What the task asks: Show each line of the listing in which the word "with" occurs.

Dataset:
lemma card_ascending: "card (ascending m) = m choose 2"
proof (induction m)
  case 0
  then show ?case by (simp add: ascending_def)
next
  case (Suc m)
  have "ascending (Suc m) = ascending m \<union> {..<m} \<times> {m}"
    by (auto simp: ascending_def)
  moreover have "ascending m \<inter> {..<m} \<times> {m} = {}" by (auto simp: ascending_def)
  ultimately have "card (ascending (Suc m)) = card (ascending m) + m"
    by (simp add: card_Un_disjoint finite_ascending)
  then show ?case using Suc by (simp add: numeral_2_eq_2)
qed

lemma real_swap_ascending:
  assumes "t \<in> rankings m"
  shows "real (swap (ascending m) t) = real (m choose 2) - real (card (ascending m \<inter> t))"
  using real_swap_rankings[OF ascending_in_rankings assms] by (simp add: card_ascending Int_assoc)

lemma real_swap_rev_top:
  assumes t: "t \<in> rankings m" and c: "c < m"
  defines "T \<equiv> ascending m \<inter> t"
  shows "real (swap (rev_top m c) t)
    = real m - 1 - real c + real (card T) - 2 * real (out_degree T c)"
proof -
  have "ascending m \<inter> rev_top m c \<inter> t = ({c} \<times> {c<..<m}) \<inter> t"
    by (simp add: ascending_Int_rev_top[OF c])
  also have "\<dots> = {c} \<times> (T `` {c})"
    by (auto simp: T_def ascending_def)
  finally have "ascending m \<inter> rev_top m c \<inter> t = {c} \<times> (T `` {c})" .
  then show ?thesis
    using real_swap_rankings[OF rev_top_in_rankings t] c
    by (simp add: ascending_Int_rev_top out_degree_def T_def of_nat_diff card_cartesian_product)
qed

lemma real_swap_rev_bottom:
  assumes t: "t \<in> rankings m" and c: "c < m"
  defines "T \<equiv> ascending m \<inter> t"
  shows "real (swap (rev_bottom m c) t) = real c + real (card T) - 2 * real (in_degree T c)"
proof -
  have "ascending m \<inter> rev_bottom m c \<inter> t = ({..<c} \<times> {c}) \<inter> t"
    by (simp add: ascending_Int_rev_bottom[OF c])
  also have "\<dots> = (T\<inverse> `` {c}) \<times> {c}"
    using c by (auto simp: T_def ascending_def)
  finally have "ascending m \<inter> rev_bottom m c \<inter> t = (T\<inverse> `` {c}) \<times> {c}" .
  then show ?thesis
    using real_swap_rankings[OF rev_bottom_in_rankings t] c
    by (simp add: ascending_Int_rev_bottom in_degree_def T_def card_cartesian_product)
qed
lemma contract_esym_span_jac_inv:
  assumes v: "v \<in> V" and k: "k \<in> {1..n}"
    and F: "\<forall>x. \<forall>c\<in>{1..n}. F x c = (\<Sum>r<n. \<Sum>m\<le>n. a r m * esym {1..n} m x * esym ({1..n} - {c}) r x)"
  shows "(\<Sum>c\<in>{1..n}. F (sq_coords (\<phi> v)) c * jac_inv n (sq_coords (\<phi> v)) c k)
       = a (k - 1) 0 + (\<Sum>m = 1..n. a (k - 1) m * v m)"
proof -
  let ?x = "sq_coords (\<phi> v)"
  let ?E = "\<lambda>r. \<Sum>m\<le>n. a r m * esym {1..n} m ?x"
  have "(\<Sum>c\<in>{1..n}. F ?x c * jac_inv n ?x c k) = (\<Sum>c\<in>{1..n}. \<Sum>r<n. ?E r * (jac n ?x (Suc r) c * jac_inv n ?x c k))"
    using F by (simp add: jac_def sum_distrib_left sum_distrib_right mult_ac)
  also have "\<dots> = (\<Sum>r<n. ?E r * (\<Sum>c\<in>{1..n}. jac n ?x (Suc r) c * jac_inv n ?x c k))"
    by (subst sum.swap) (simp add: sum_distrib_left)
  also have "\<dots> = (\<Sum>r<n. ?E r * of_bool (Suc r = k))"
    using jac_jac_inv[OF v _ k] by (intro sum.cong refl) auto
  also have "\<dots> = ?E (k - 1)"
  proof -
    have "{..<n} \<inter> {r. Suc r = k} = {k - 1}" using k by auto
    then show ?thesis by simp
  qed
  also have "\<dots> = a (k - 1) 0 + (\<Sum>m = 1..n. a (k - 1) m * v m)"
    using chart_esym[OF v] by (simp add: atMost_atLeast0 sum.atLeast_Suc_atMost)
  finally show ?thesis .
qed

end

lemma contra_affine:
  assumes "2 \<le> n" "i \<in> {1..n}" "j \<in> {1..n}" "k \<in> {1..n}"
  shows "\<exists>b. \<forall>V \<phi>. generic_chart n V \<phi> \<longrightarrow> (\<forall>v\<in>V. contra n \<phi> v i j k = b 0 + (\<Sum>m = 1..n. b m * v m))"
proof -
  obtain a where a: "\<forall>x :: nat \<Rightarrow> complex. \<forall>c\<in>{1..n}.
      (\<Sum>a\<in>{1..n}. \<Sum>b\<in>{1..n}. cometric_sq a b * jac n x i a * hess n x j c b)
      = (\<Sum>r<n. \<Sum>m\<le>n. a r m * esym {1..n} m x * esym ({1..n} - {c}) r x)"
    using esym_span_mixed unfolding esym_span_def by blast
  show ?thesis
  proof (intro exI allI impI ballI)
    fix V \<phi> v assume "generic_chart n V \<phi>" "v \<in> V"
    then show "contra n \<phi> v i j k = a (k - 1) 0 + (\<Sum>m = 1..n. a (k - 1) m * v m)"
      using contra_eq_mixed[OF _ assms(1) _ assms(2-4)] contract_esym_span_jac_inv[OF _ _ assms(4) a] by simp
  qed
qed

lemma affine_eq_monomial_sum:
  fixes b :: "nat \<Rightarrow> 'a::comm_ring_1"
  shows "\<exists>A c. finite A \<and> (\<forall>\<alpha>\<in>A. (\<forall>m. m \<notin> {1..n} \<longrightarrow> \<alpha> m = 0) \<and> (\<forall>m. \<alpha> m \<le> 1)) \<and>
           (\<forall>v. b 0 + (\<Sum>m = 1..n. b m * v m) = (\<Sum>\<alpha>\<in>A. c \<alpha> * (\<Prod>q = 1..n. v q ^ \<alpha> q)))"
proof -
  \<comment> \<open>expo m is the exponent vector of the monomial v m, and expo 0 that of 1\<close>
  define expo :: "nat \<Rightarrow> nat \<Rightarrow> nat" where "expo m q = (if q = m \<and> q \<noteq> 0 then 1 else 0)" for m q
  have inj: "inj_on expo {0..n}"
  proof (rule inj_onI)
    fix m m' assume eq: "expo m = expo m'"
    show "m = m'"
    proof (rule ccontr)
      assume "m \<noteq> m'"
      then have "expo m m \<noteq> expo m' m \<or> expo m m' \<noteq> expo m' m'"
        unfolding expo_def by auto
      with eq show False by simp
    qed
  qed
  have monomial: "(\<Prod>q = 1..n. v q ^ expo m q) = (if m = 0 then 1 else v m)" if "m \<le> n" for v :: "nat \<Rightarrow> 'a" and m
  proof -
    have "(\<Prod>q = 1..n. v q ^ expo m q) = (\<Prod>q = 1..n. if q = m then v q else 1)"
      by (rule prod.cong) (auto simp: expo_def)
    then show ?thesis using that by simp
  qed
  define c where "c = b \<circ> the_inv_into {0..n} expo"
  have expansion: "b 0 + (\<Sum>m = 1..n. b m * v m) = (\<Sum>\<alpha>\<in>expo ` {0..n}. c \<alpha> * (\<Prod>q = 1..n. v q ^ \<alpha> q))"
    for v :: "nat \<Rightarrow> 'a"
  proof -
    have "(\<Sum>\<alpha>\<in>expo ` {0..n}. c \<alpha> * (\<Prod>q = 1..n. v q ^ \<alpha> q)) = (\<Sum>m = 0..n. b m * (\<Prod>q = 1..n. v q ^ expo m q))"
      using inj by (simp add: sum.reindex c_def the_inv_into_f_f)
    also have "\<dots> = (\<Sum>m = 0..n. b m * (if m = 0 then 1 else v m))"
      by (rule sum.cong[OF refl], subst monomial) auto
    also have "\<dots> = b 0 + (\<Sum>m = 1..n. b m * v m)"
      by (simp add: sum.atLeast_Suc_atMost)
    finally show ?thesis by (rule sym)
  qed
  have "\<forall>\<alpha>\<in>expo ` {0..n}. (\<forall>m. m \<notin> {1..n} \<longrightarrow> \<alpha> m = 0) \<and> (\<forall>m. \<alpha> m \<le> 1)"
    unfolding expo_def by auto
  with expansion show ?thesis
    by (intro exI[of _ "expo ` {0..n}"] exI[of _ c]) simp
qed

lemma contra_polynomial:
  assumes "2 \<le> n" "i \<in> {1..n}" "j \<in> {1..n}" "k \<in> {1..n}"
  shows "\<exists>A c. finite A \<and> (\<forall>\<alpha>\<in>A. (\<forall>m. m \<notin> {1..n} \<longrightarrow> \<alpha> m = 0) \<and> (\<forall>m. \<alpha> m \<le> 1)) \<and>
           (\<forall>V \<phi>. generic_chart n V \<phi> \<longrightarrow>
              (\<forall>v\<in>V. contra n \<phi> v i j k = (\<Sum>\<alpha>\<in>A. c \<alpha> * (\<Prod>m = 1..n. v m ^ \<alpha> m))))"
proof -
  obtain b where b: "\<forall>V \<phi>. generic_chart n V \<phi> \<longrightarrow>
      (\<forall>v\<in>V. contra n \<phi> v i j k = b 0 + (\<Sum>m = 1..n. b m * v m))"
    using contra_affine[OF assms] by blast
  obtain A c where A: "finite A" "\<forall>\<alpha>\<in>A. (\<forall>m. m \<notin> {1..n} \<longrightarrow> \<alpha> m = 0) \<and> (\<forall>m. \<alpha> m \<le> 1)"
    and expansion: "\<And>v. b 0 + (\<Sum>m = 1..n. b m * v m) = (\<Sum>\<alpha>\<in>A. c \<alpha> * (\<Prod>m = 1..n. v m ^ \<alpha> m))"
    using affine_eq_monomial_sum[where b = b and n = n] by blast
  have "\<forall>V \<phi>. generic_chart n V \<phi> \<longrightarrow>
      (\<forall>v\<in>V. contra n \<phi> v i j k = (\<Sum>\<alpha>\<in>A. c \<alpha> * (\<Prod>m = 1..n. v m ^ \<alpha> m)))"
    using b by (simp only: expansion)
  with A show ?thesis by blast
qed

Completed exercise:
      with eq show False by simp
  with expansion show ?thesis
  with A show ?thesis by blast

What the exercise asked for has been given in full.